Blacktop turns ‘green’

A crew for United Companies puts down new asphalt Friday at a park-and-ride lot at Interstate 70 Business Loop and F Road in Clifton. The asphalt is a mix that’s 40 degrees cooler than traditional paving material, resulting in a more environmentally friendly substance.



A Grand Junction contractor is going green when it comes to laying blacktop in Mesa County.

United Companies on Friday began paving a new park-and-ride facility in Clifton with a different mixture of asphalt that company officials say is not only more environmentally friendly, but also could extend the asphalt construction season by two months.

United is employing what is known as a warm-mix asphalt to pave the lot at the northeast corner of the intersection of the Interstate 70 Business Loop and F Road.

The warm mix is a modification to the traditional asphalt manufacturing process that allows workers to use cooler mixture temperatures for paving.

Workers add a quart of water for every ton of hot asphalt, creating a foam that reduces the viscosity of the mixture and makes it easier to compact the asphalt at cooler temperatures, United General Manager Kyle Alpha said.

The technology cuts greenhouse gas emissions by up to 30 percent at the asphalt plant. It also reduces the amount of smoke generated by the asphalt paving machine, creating a better work environment, Alpha said.

Because the warm-mix asphalt works at lower temperatures, it should allow contractors to begin paving earlier in the spring and finish paving later in the winter, said Josh Aubert, United project manager.

Warm-mix asphalt has been used in Europe for several years but has caught on in the U.S. in just the past few years, Alpha said.
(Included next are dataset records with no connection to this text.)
definition sampleS :: "(nat \<Rightarrow> 'a \<Rightarrow> real) \<Rightarrow> nat \<Rightarrow> 'a \<Rightarrow> real" where
  "sampleS X n \<omega> = sqrt ((\<Sum>i=1..n. (X i \<omega> - xbar X n \<omega>)\<^sup>2) / (real n - 1))"

definition stop_cond :: "(nat \<Rightarrow> 'a \<Rightarrow> real) \<Rightarrow> nat \<Rightarrow> nat \<Rightarrow> real \<Rightarrow> real \<Rightarrow> real \<Rightarrow> nat \<Rightarrow> 'a \<Rightarrow> bool" where
  "stop_cond X m k \<rho> A c n \<omega> \<longleftrightarrow> real (m + k * n) \<ge> \<rho> * sampleS X (m + k * n) \<omega> * sqrt (A / c)"

text \<open>T = inf of stages at which stopping occurs (meaningful only when that set is nonempty).\<close>
definition stopT :: "(nat \<Rightarrow> 'a \<Rightarrow> real) \<Rightarrow> nat \<Rightarrow> nat \<Rightarrow> real \<Rightarrow> real \<Rightarrow> real \<Rightarrow> 'a \<Rightarrow> nat" where
  "stopT X m k \<rho> A c \<omega> = (LEAST n. stop_cond X m k \<rho> A c n \<omega>)"

definition strict_floor :: "real \<Rightarrow> int" where
  "strict_floor u = \<lceil>u\<rceil> - 1"

definition stopN :: "(nat \<Rightarrow> 'a \<Rightarrow> real) \<Rightarrow> nat \<Rightarrow> nat \<Rightarrow> real \<Rightarrow> real \<Rightarrow> real \<Rightarrow> 'a \<Rightarrow> int" where
  "stopN X m k \<rho> A c \<omega> = strict_floor (real (m + k * stopT X m k \<rho> A c \<omega>) / \<rho>) + 1"

text \<open>The event {N <= eps n*}; if the stopping set is empty, T = N = infinity and the event fails.\<close>
definition early_event :: "'a measure \<Rightarrow> (nat \<Rightarrow> 'a \<Rightarrow> real) \<Rightarrow> nat \<Rightarrow> nat \<Rightarrow> real \<Rightarrow> real \<Rightarrow> real \<Rightarrow> real \<Rightarrow> real \<Rightarrow> 'a set" where
  "early_event M X m k \<rho> A c \<epsilon> nstar =
     {\<omega> \<in> space M. (\<exists>n. stop_cond X m k \<rho> A c n \<omega>) \<and> real_of_int (stopN X m k \<rho> A c \<omega>) \<le> \<epsilon> * nstar}"

end

theory Submission
  imports Defs
begin

(* On the event N <= eps n*, the stopping rule forces the sample standard deviation at the stopping
   stage to be at most eps sigma, so the event lies in the union over j >= m of {S_j <= eps sigma}.
   With h = (1 - eps^2)/2, S_j <= eps sigma means that either the standardised sum of squares about mu
   is at most (1 - h) j, a chi-square lower tail that a Chernoff bound makes exponentially small in j,
   or the sum of the deviations from mu is of order sigma j, which Markov's inequality for the fourth
   moment makes O(1/j^2). Summing over j >= m gives O(1/m), and n* = O(m^r) turns this into
   O(n*^(-1/r)), i.e. gamma = 2. *)

lemma exp_neg_le_quadratic:
  fixes x :: real
  assumes "0 \<le> x"
  shows "exp (- x) \<le> 1 - x + x\<^sup>2 / 2"
proof -
  have nonneg: "0 \<le> 1 - x + x\<^sup>2 / 2"
    using zero_le_power2[of "x - 1"] by (simp add: power2_diff)
  have "0 \<le> x ^ 4"
    by simp
  then have "1 \<le> (1 + x + x\<^sup>2 / 2) * (1 - x + x\<^sup>2 / 2)"
    by (simp add: algebra_simps power2_eq_square power4_eq_xxxx)
  also have "\<dots> \<le> exp x * (1 - x + x\<^sup>2 / 2)"
    by (rule mult_right_mono[OF exp_lower_Taylor_quadratic[OF assms] nonneg])
  finally show ?thesis
    by (simp add: exp_minus field_simps)
qed

lemma exp_neg_le_four_div_square:
  fixes b :: real
  assumes "0 < b"
  shows "exp (- b) \<le> 4 / b\<^sup>2"
proof -
  have "b / 2 \<le> exp (b / 2)"
    using exp_ge_add_one_self[of "b / 2"] by linarith
  then have "(b / 2)\<^sup>2 \<le> (exp (b / 2))\<^sup>2"
    using assms by (intro power_mono) auto
  also have "\<dots> = exp b"
    by (simp flip: exp_double)
  finally show ?thesis
    using assms by (simp add: exp_minus field_simps power_divide)
qed

lemma sum_sq_dev_mean:
  fixes y :: "'i \<Rightarrow> real"
  assumes "finite J" "J \<noteq> {}"
  shows "(\<Sum>i\<in>J. (y i - (\<Sum>l\<in>J. y l) / card J)\<^sup>2)
           = (\<Sum>i\<in>J. (y i - a)\<^sup>2) - (\<Sum>i\<in>J. y i - a)\<^sup>2 / card J"
proof -
  define n where "n = real (card J)"
  define z where "z i = y i - a" for i
  define b where "b = sum z J / n"
  have n: "0 < n"
    using assms unfolding n_def by auto
  have "(\<Sum>l\<in>J. y l) / card J = a + b"
    using n unfolding b_def z_def n_def by (simp add: sum_subtractf field_simps)
  then have "(\<Sum>i\<in>J. (y i - (\<Sum>l\<in>J. y l) / card J)\<^sup>2) = (\<Sum>i\<in>J. (z i)\<^sup>2 - 2 * b * z i + b\<^sup>2)"
    unfolding z_def by (simp add: power2_eq_square algebra_simps)
  also have "\<dots> = (\<Sum>i\<in>J. (z i)\<^sup>2) - 2 * b * sum z J + n * b\<^sup>2"
    unfolding n_def by (simp add: sum.distrib sum_subtractf sum_distrib_left)
  also have "\<dots> = (\<Sum>i\<in>J. (z i)\<^sup>2) - (sum z J)\<^sup>2 / n"
    using n unfolding b_def by (simp add: field_simps power2_eq_square)
  finally show ?thesis
    unfolding z_def n_def .
qed

lemma sum_sq_dev_mean_le_cases:
  fixes y :: "'i \<Rightarrow> real" and h v a :: real
  assumes J: "finite J" "J \<noteq> {}"
    and le: "(\<Sum>i\<in>J. (y i - (\<Sum>l\<in>J. y l) / card J)\<^sup>2) \<le> (1 - 2 * h) * v * card J"
  shows "(\<Sum>i\<in>J. (y i - a)\<^sup>2) \<le> (1 - h) * v * card J \<or> h * v * (real (card J))\<^sup>2 \<le> (\<Sum>i\<in>J. y i - a)\<^sup>2"
proof (rule ccontr)
  have n: "0 < real (card J)"
    using J by auto
  assume "\<not> ?thesis"
  then have "(1 - h) * v * card J < (\<Sum>i\<in>J. (y i - a)\<^sup>2)"
    and "(\<Sum>i\<in>J. y i - a)\<^sup>2 / card J < h * v * card J"
    using n by (auto simp: field_simps power2_eq_square)
  moreover have "(1 - h) * v * card J - h * v * card J = (1 - 2 * h) * v * card J"
    by (simp add: algebra_simps)
  ultimately show False
    using le sum_sq_dev_mean[OF J, of y a] by linarith
qed

lemma (in prob_space) normal_distributed_central_moments:
  assumes s: "0 < \<sigma>" and D: "distributed M lborel Y (normal_density \<mu> \<sigma>)"
  shows "integrable M (\<lambda>\<omega>. (Y \<omega> - \<mu>) ^ n)"
    and "expectation (\<lambda>\<omega>. (Y \<omega> - \<mu>)\<^sup>2) = \<sigma>\<^sup>2"
    and "expectation (\<lambda>\<omega>. (Y \<omega> - \<mu>) ^ 4) = 3 * \<sigma> ^ 4"
proof -
  show "integrable M (\<lambda>\<omega>. (Y \<omega> - \<mu>) ^ n)"
    using distributed_integrable[OF D, of "\<lambda>x. (x - \<mu>) ^ n"] integrable_normal_moment[OF s] by simp
  have even_moment: "expectation (\<lambda>\<omega>. (Y \<omega> - \<mu>) ^ (2 * k)) = fact (2 * k) / ((2 / \<sigma>\<^sup>2) ^ k * fact k)" for k
    using distributed_integral[OF D, of "\<lambda>x. (x - \<mu>) ^ (2 * k)"] integral_normal_moment_even[OF s] by simp
  show "expectation (\<lambda>\<omega>. (Y \<omega> - \<mu>)\<^sup>2) = \<sigma>\<^sup>2"
    using even_moment[of 1] by simp
  show "expectation (\<lambda>\<omega>. (Y \<omega> - \<mu>) ^ 4) = 3 * \<sigma> ^ 4"
    using even_moment[of 2] s by (simp add: fact_numeral power_divide field_simps)
qed

lemma (in prob_space) expectation_exp_neg_normal_square_le:
  assumes s: "0 < \<sigma>" and D: "distributed M lborel Y (normal_density \<mu> \<sigma>)" and t: "0 \<le> t"
  shows "expectation (\<lambda>\<omega>. exp (- t * ((Y \<omega> - \<mu>) / \<sigma>)\<^sup>2)) \<le> 1 - t + 3 * t\<^sup>2 / 2"
proof -
  have [measurable]: "Y \<in> borel_measurable M"
    using distributed_measurable[OF D] by simp
  note moments = normal_distributed_central_moments[OF s D]
  let ?p = "\<lambda>\<omega>. 1 - t / \<sigma>\<^sup>2 * (Y \<omega> - \<mu>)\<^sup>2 + t\<^sup>2 / (2 * \<sigma> ^ 4) * (Y \<omega> - \<mu>) ^ 4"
  have "expectation (\<lambda>\<omega>. exp (- t * ((Y \<omega> - \<mu>) / \<sigma>)\<^sup>2)) \<le> expectation ?p"
  proof (rule integral_mono)
    show "integrable M (\<lambda>\<omega>. exp (- t * ((Y \<omega> - \<mu>) / \<sigma>)\<^sup>2))"
      by (rule integrable_const_bound[where B = 1]) (use t in auto)
    show "integrable M ?p"
      using moments(1) by auto
    show "exp (- t * ((Y \<omega> - \<mu>) / \<sigma>)\<^sup>2) \<le> ?p \<omega>" for \<omega>
    proof -
      have "exp (- t * ((Y \<omega> - \<mu>) / \<sigma>)\<^sup>2)
          \<le> 1 - t * ((Y \<omega> - \<mu>) / \<sigma>)\<^sup>2 + (t * ((Y \<omega> - \<mu>) / \<sigma>)\<^sup>2)\<^sup>2 / 2"
        using exp_neg_le_quadratic[of "t * ((Y \<omega> - \<mu>) / \<sigma>)\<^sup>2"] t by simp
      also have "\<dots> = ?p \<omega>"
        using s by (simp add: power_divide power_mult_distrib flip: power_mult)
      finally show ?thesis .
    qed
  qed
  also have "\<dots> = 1 - t / \<sigma>\<^sup>2 * \<sigma>\<^sup>2 + t\<^sup>2 / (2 * \<sigma> ^ 4) * (3 * \<sigma> ^ 4)"
    using moments by (simp add: prob_space)
  also have "\<dots> = 1 - t + 3 * t\<^sup>2 / 2"
    using s by simp
  finally show ?thesis .
qed

lemma (in prob_space) expectation_exp_neg_chi_square_le:
  fixes t :: real
  assumes indep: "indep_vars (\<lambda>_. borel) X J"
    and D: "\<And>i. i \<in> J \<Longrightarrow> distributed M lborel (X i) (normal_density \<mu> \<sigma>)"
    and J: "finite J" and s: "0 < \<sigma>" and t: "0 \<le> t"
  shows "expectation (\<lambda>\<omega>. exp (- t * (\<Sum>i\<in>J. ((X i \<omega> - \<mu>) / \<sigma>)\<^sup>2)))
           \<le> exp (card J * (- t + 3 * t\<^sup>2 / 2))"
proof -
  define Z where "Z i \<omega> = exp (- t * ((X i \<omega> - \<mu>) / \<sigma>)\<^sup>2)" for i \<omega>
  have Xm: "X i \<in> borel_measurable M" if "i \<in> J" for i
    using distributed_measurable[OF D[OF that]] by simp
  have Zint: "integrable M (Z i)" if "i \<in> J" for i
    using Xm[OF that] t unfolding Z_def by (intro integrable_const_bound[where B = 1]) auto
  have indZ: "indep_vars (\<lambda>_. borel) Z J"
    unfolding Z_def by (rule indep_vars_compose2[OF indep]) measurable
  have EZ: "expectation (Z i) \<le> exp (- t + 3 * t\<^sup>2 / 2)" if "i \<in> J" for i
  proof -
    have "expectation (Z i) \<le> 1 - t + 3 * t\<^sup>2 / 2"
      using expectation_exp_neg_normal_square_le[OF s D[OF that] t] unfolding Z_def by simp
    also have "\<dots> \<le> exp (- t + 3 * t\<^sup>2 / 2)"
      using exp_ge_add_one_self[of "- t + 3 * t\<^sup>2 / 2"] by linarith
    finally show ?thesis .
  qed
  have "expectation (\<lambda>\<omega>. exp (- t * (\<Sum>i\<in>J. ((X i \<omega> - \<mu>) / \<sigma>)\<^sup>2)))
      = expectation (\<lambda>\<omega>. \<Prod>i\<in>J. Z i \<omega>)"
    unfolding Z_def by (simp add: sum_distrib_left exp_sum[OF J])
  also have "\<dots> = (\<Prod>i\<in>J. expectation (Z i))"
    by (rule indep_vars_lebesgue_integral[OF J indZ Zint])
  also have "\<dots> \<le> (\<Prod>i\<in>J. exp (- t + 3 * t\<^sup>2 / 2))"
    by (intro prod_mono conjI EZ integral_nonneg_AE) (auto simp: Z_def)
  also have "\<dots> = exp (card J * (- t + 3 * t\<^sup>2 / 2))"
    by (simp add: exp_of_nat_mult)
  finally show ?thesis .
qed
lemma AE_generic_channel:
  fixes \<mu> :: "((real^'k::finite) \<times> (real^'m::finite^'k)) measure"
  assumes ac: "absolutely_continuous lborel \<mu>" and Gam_pos: "\<And>m. Gam m > 0"
  shows "AE \<alpha> in \<mu>. (\<forall>k. fst \<alpha> $ k \<noteq> 0) \<and> (\<forall>k m. snd \<alpha> $ k $ m \<noteq> 0) \<and>
    (\<forall>k m n. m \<noteq> n \<longrightarrow> Gam n * snd \<alpha> $ k $ m \<noteq> Gam m * snd \<alpha> $ k $ n)"
proof -
  have h_coord: "(axis k 1, 0) \<bullet> \<alpha> = fst \<alpha> $ k" for k and \<alpha> :: "(real^'k) \<times> (real^'m^'k)"
    by (cases \<alpha>) (simp add: inner_axis')
  have g_coord: "(0, axis k (axis m 1)) \<bullet> \<alpha> = snd \<alpha> $ k $ m"
    for k m and \<alpha> :: "(real^'k) \<times> (real^'m^'k)"
    by (cases \<alpha>) (simp add: inner_axis')
  have ratio_coord: "(0, axis k (axis m a - axis n b)) \<bullet> \<alpha> = a * snd \<alpha> $ k $ m - b * snd \<alpha> $ k $ n"
    for k m n a b and \<alpha> :: "(real^'k) \<times> (real^'m^'k)"
    by (cases \<alpha>) (simp add: inner_axis' inner_diff_left)
  have "AE \<alpha> in \<mu>. fst \<alpha> $ k \<noteq> 0" for k
    using AE_inner_neq_0_if_absolutely_continuous[OF ac, of "(axis k 1, 0)"]
    by (simp add: h_coord zero_prod_def axis_eq_0_iff)
  moreover have "AE \<alpha> in \<mu>. snd \<alpha> $ k $ m \<noteq> 0" for k m
    using AE_inner_neq_0_if_absolutely_continuous[OF ac, of "(0, axis k (axis m 1))"]
    by (simp add: g_coord zero_prod_def axis_eq_0_iff)
  moreover have "AE \<alpha> in \<mu>. m \<noteq> n \<longrightarrow> Gam n * snd \<alpha> $ k $ m \<noteq> Gam m * snd \<alpha> $ k $ n"
    for k m n
  proof (cases "m = n")
    case False
    have "(axis m (Gam n) - axis n (Gam m)) $ m = Gam n"
      using False by (simp add: axis_def)
    hence "axis m (Gam n) - axis n (Gam m) \<noteq> 0" by (metis Gam_pos less_irrefl zero_index)
    hence "(0, axis k (axis m (Gam n) - axis n (Gam m))) \<noteq> (0 :: (real^'k) \<times> (real^'m^'k))"
      by (simp add: zero_prod_def axis_eq_0_iff)
    from AE_inner_neq_0_if_absolutely_continuous[OF ac this] show ?thesis by (simp add: ratio_coord)
  qed simp
  ultimately show ?thesis by (simp add: AE_all_countable)
qed

theorem theorem3p2:
  fixes \<mu> :: "((real^'k::finite) \<times> (real^'m::finite^'k)) measure"
    and lam :: "'k \<Rightarrow> real" and Gam :: "'m \<Rightarrow> real"
  assumes "prob_space \<mu>"
    and "sets \<mu> = sets borel"
    and "absolutely_continuous lborel \<mu>"
    and "AE \<alpha> in \<mu>. (\<forall>k. fst \<alpha> $ k \<ge> 0) \<and> (\<forall>k m. snd \<alpha> $ k $ m \<ge> 0)"
    and "\<forall>k. lam k \<ge> 0"
    and "\<forall>m. Gam m > 0"
  shows "AE \<alpha> in \<mu>. (case \<alpha> of (h, g) \<Rightarrow>
     ((\<exists>p. optimal h g lam Gam p \<and> card {k. p k > 0} \<le> 1) \<longleftrightarrow>
        (\<exists>i m'. is_argmin_ratio g Gam i m' \<and> (condA h g lam Gam i m' \<or> condB h g lam Gam i m')))
     \<and> (\<forall>i m'. is_argmin_ratio g Gam i m' \<and> condA h g lam Gam i m' \<longrightarrow>
          optimal h g lam Gam (single i (max 0 (1 / lam i - 1 / h $ i))))
     \<and> (\<forall>i m'. is_argmin_ratio g Gam i m' \<and> condB h g lam Gam i m' \<longrightarrow>
          optimal h g lam Gam (single i (Gam m' / g $ i $ m'))))"
proof -
  have "\<And>m. Gam m > 0" using assms(6) by blast
  note generic = AE_generic_channel[where Gam = Gam, OF assms(3) this]
  show ?thesis using assms(4) generic
  proof eventually_elim
    case (elim \<alpha>)
    obtain h g where \<alpha>: "\<alpha> = (h, g)" by fastforce
    interpret positive_channel h g lam Gam
      using elim assms(5,6) by unfold_locales (auto simp: \<alpha> order_le_less)
    show ?case using single_user_optimality elim by (simp add: \<alpha>)
  qed
qed

end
United used 15,000 tons of warm-mix asphalt last year to pave Mesa County roads.

Alpha said there are other warm-mix technologies, but this is the first Colorado Department of Transportation project in the state to use the water-based warm-mix asphalt.

“We really feel like paving is headed to warm mix from an emissions standpoint,” Aubert said. “We feel there one day won’t be a hot mix.”

CDOT owns the land where the park-and-ride facility is being built. The 136-space lot, which is used largely by Interstate 70 commuters, will be accessible from Peach Street and I-70B, CDOT Project Engineer Asa Farrington said.

CDOT is paying nearly $1 million for the additional parking in Clifton, which features the new lot and a 61-space lot created last year on the northwest corner of I-70B and F Road.

The county is picking up a $47,000 tab for improvements to Peach Street, Farrington said.

The new lot and the Peach Street improvements will be done in about a week.